Clinton Township is a township in Saint Louis County, Minnesota, United States. Clinton Township was named for Clinton Markell, a prominent settler. The population was 977 at the 2020 census.

State Highway 37 (MN 37) and Saint Louis County Highway 7 are two of the main routes in the township. Other routes include Iron Junction Road.

The city of Iron Junction is located within Clinton Township geographically but is a separate entity.

The unincorporated communities of Keenan, Ramshaw, and Wolf are located within the township.

The unincorporated community of Forbes also extends into the southern portion of Clinton Township.

The unincorporated community of Peary is located at the southeast corner of the township.

==Geography==
According to the United States Census Bureau, the township has a total area of 33.9 sqmi; 33.2 sqmi is land and 0.6 sqmi, or 1.92%, is water.

The East Two River and Elbow Creek both flow through Clinton Township.

Long Lake Creek flows through the southeast corner of the township.

===Adjacent townships, cities, and communities===
The following are adjacent to Clinton Township :

- Fayal Township (east)
- The city of Eveleth (northeast)
- The city of Leonidas (northeast)
- The city of Mountain Iron (north)
- Great Scott Township (northwest)
- Cherry Township (west)
- Lavell Township (southwest)
- McDavitt Township (south)
- The unincorporated community of Zim (south)
- The unincorporated community of Central Lakes (southeast)

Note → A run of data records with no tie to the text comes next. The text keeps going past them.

(* Let $\Sigma$ be a complete fan in $N_{\mathbb R}\cong\mathbb R^2$ and $\mathbb L$ a combinatorially indecomposable tropical Lagrangian multi-section of rank $r$ over $\Sigma$. If $\mathbb L$ is unobstructed, with local system $\mathcal L$ on $L\setminus S'$ and consistent collection $\Theta$, then $\mathcal L$ is (up to isomorphism) the unique $\mathbb C^\times$-local system on $L\setminus S'$ whose monodromy around the unique ramification point of $\pi:L\to N_{\mathbb R}$ is $(-1)^{r+1}$.
   Context: $N$ lattice of rank $2$, $M=\mathrm{Hom}(N,\mathbb Z)$, $\Sigma(k)$ the $k$-dimensional cones, $\sigma^\vee$ dual cones, $U(\sigma)=\mathrm{Spec}\,\mathbb C[\sigma^\vee\cap M]$, $z^m$ monomials. $\mathbb L=(L,\Sigma_L,\mu,\pi,\varphi)$: a cone complex $L$ (finite union of closed rational polyhedral cones glued along faces), weights $\mu$, a branched covering $\pi$ onto $(N_{\mathbb R},\Sigma)$ mapping cones homeomorphically onto cones with weighted fibre count $r$, and $\varphi$ continuous, integral linear on cones; $m(\sigma')\in M$ its slope on a maximal cone; $\sigma^{(1)},\dots,\sigma^{(r)}$ the lifts of $\sigma\in\Sigma(2)$ with multiplicity. Combinatorial indecomposability (not combinatorially equivalent to a combinatorial union of two connected ones) gives: $L$ connected, separable (distinct lifts of a ray carry distinct restrictions of $\varphi$), and ramification locus $S'=L^{(0)}=\pi^{-1}(0)$ a single point. For adjacent $\sigma_1,\sigma_2\in\Sigma(2)$ (sharing a ray), each lift $\sigma_1^{(\alpha)}$ determines a unique lift $\sigma_2^{(\beta)}$ sharing a ray with it. A $\mathbb C^\times$-local system $\mathcal L$ on $L\setminus S'$ is represented by constants $g^{sf}_{\sigma_1^{(\alpha)}\sigma_2^{(\beta)}}\in\mathbb C^\times$ on adjacent pairs of lifts. $\mathcal E_\sigma$: trivial rank $r$ bundle on $U(\sigma)$ with frame $1(\sigma^{(\alpha)})$ of torus weight $m(\sigma^{(\alpha)})$. $G^{sf}_{\sigma_1\sigma_2}:1(\sigma_1^{(\alpha)})\mapsto g^{sf}_{\sigma_1^{(\alpha)}\sigma_2^{(\beta)}}z^{m(\sigma_1^{(\alpha)})-m(\sigma_2^{(\beta)})}1(\sigma_2^{(\beta)})$. For $\tau=\sigma_1\cap\sigma_2\in\Sigma(1)$ and a cone $\omega'$ of $L$, $N_\tau(\omega')$ is the endomorphism of $\mathcal E_{\sigma_1}|_{U(\tau)}$ with $(\alpha,\beta)$-entry $n^{(\alpha\beta)}_\tau(\omega')z^{m(\sigma_1^{(\alpha)})-m(\sigma_1^{(\beta)})}$ ($n$'s complex constants) if $\omega'\subset\sigma_1^{(\alpha)}\cap\sigma_1^{(\beta)}$, $\alpha\ne\beta$, $m(\sigma_1^{(\alpha)})-m(\sigma_1^{(\beta)})\in\tau^\vee\cap M$, and $0$ otherwise; $\Theta_{\sigma_1\sigma_2}=\prod_{\omega'\in S'_\tau}\exp N_\tau(\omega')$ with $S'_\tau=\{\sigma_1^{(\alpha)}\cap\sigma_1^{(\beta)}:m(\sigma_1^{(\alpha)})-m(\sigma_1^{(\beta)})\in\tau^\vee\cap M\}$; $G_{\sigma_1\sigma_2}=G^{sf}_{\sigma_1\sigma_2}\circ\Theta_{\sigma_1\sigma_2}$. $\Theta$ is consistent if for every $\omega\in\Sigma$ and every cycle $\sigma_1,\dots,\sigma_{l+1}=\sigma_1$ of maximal cones containing $\omega$ with consecutive ones sharing a ray, $G_{\sigma_l\sigma_{l+1}}|_{U(\omega)}\circ\cdots\circ G_{\sigma_1\sigma_2}|_{U(\omega)}=\mathrm{Id}$. $\mathbb L$ is unobstructed if there exist $\mathcal L$ and a consistent $\Theta$. *)

theory Defs
  imports Complex_Main
begin
lemma netfun_eq_canonical_net:
  assumes "\<forall>k<K. \<bar>w k\<bar> = 1"
  shows "netfun K w b v a0 c0 = canonical_net K (\<lambda>k. - b k * w k) v
     (a0 - (\<Sum>k<K. if w k = -1 then v k else 0))
     (c0 + (\<Sum>k<K. if w k = -1 then b k *\<^sub>R v k else 0))"
proof
  fix x
  define e where "e k = (if w k = -1 then v k else 0)" for k
  define d where "d k = (if w k = -1 then b k *\<^sub>R v k else 0)" for k
  have unit: "max 0 (w k * x + b k) *\<^sub>R v k = relu (x - (- b k * w k)) *\<^sub>R v k - x *\<^sub>R e k + d k"
    if "k < K" for k
  proof -
    have "w k = 1 \<or> w k = -1" using assms that by auto
    then show ?thesis by (auto simp: relu_def max_def e_def d_def algebra_simps)
  qed
  have "netfun K w b v a0 c0 x
      = (\<Sum>k<K. relu (x - (- b k * w k)) *\<^sub>R v k - x *\<^sub>R e k + d k) + x *\<^sub>R a0 + c0"
    unfolding netfun_def using unit by simp
  also have "\<dots> = (\<Sum>k<K. relu (x - (- b k * w k)) *\<^sub>R v k) - x *\<^sub>R (\<Sum>k<K. e k) + (\<Sum>k<K. d k)
      + x *\<^sub>R a0 + c0"
    by (simp add: sum.distrib sum_subtractf scaleR_sum_right)
  finally show "netfun K w b v a0 c0 x = canonical_net K (\<lambda>k. - b k * w k) v
     (a0 - (\<Sum>k<K. if w k = -1 then v k else 0))
     (c0 + (\<Sum>k<K. if w k = -1 then b k *\<^sub>R v k else 0)) x"
    unfolding canonical_net_def e_def d_def by (simp add: scaleR_right_diff_distrib)
qed

lemma canonical_net_eq_netfun: "canonical_net K p v A C = netfun K (\<lambda>_. 1) (\<lambda>k. - p k) v A C"
  by (auto simp: canonical_net_def netfun_def relu_def fun_eq_iff)

lemma repcost_eq_canonical:
  "repcost K f = (INF (p, v, A, C) \<in> {(p, v, A, C). f = canonical_net K p v A C}. ereal (\<Sum>k<K. norm (v k)))"
proof -
  let ?S = "{(w, b, v, a0, c0). (\<forall>k<K. \<bar>w k\<bar> = 1) \<and> f = netfun K w b v a0 c0}"
  let ?T = "{(p, v, A, C). f = canonical_net K p v A C}"
  let ?cost_S = "\<lambda>(w, b, v, a0, c0). ereal (\<Sum>k<K. norm (v k))"
  let ?cost_T = "\<lambda>(p, v, A, C). ereal (\<Sum>k<K. norm (v k))"
  have "?cost_S ` ?S = ?cost_T ` ?T"
  proof (intro equalityI subsetI)
    fix r assume "r \<in> ?cost_S ` ?S"
    then obtain w b v a0 c0 where w: "\<forall>k<K. \<bar>w k\<bar> = 1" and f: "f = netfun K w b v a0 c0"
      and r: "r = ereal (\<Sum>k<K. norm (v k))" by auto
    show "r \<in> ?cost_T ` ?T"
      by (rule image_eqI[where x = "(\<lambda>k. - b k * w k, v, a0 - (\<Sum>k<K. if w k = -1 then v k else 0),
            c0 + (\<Sum>k<K. if w k = -1 then b k *\<^sub>R v k else 0))"])
        (simp_all add: r f netfun_eq_canonical_net[OF w])
  next
    fix r assume "r \<in> ?cost_T ` ?T"
    then obtain p v A C where f: "f = canonical_net K p v A C" and r: "r = ereal (\<Sum>k<K. norm (v k))"
      by auto
    show "r \<in> ?cost_S ` ?S"
      by (rule image_eqI[where x = "(\<lambda>_. 1, \<lambda>k. - p k, v, A, C)"])
        (simp_all add: r f canonical_net_eq_netfun)
  qed
  then show ?thesis unfolding repcost_def by simp
qed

===Unincorporated communities===
- Keenan
- Ramshaw
- Wolf
- Forbes
- Peary

==Demographics==
As of the census of 2000, there were 1,036 people, 405 households, and 302 families residing in the township. The population density was 31.2 PD/sqmi. There were 421 housing units at an average density of 12.7 /sqmi. The racial makeup of the township was 96.81% White, 0.29% Black or African American, 1.06% Native American, 0.29% Asian, 0.19% from other races, and 1.35% from two or more races. Hispanic or Latino of any race were 1.16% of the population.

There were 405 households, out of which 31.4% had children under the age of 18 living with them, 62.2% were married couples living together, 5.9% had a female householder with no husband present, and 25.4% were non-families. 21.0% of all households were made up of individuals, and 5.7% had someone living alone who was 65 years of age or older. The average household size was 2.56 and the average family size was 2.93.

In the township the population was spread out, with 25.5% under the age of 18, 8.0% from 18 to 24, 26.9% from 25 to 44, 29.1% from 45 to 64, and 10.5% who were 65 years of age or older. The median age was 39 years. For every 100 females, there were 115.8 males. For every 100 females age 18 and over, there were 113.3 males.

The median income for a household in the township was $44,773, and the median income for a family was $45,556. Males had a median income of $41,417 versus $23,068 for females. The per capita income for the township was $18,359. About 3.5% of families and 6.4% of the population were below the poverty line, including 8.3% of those under age 18 and 7.4% of those age 65 or over.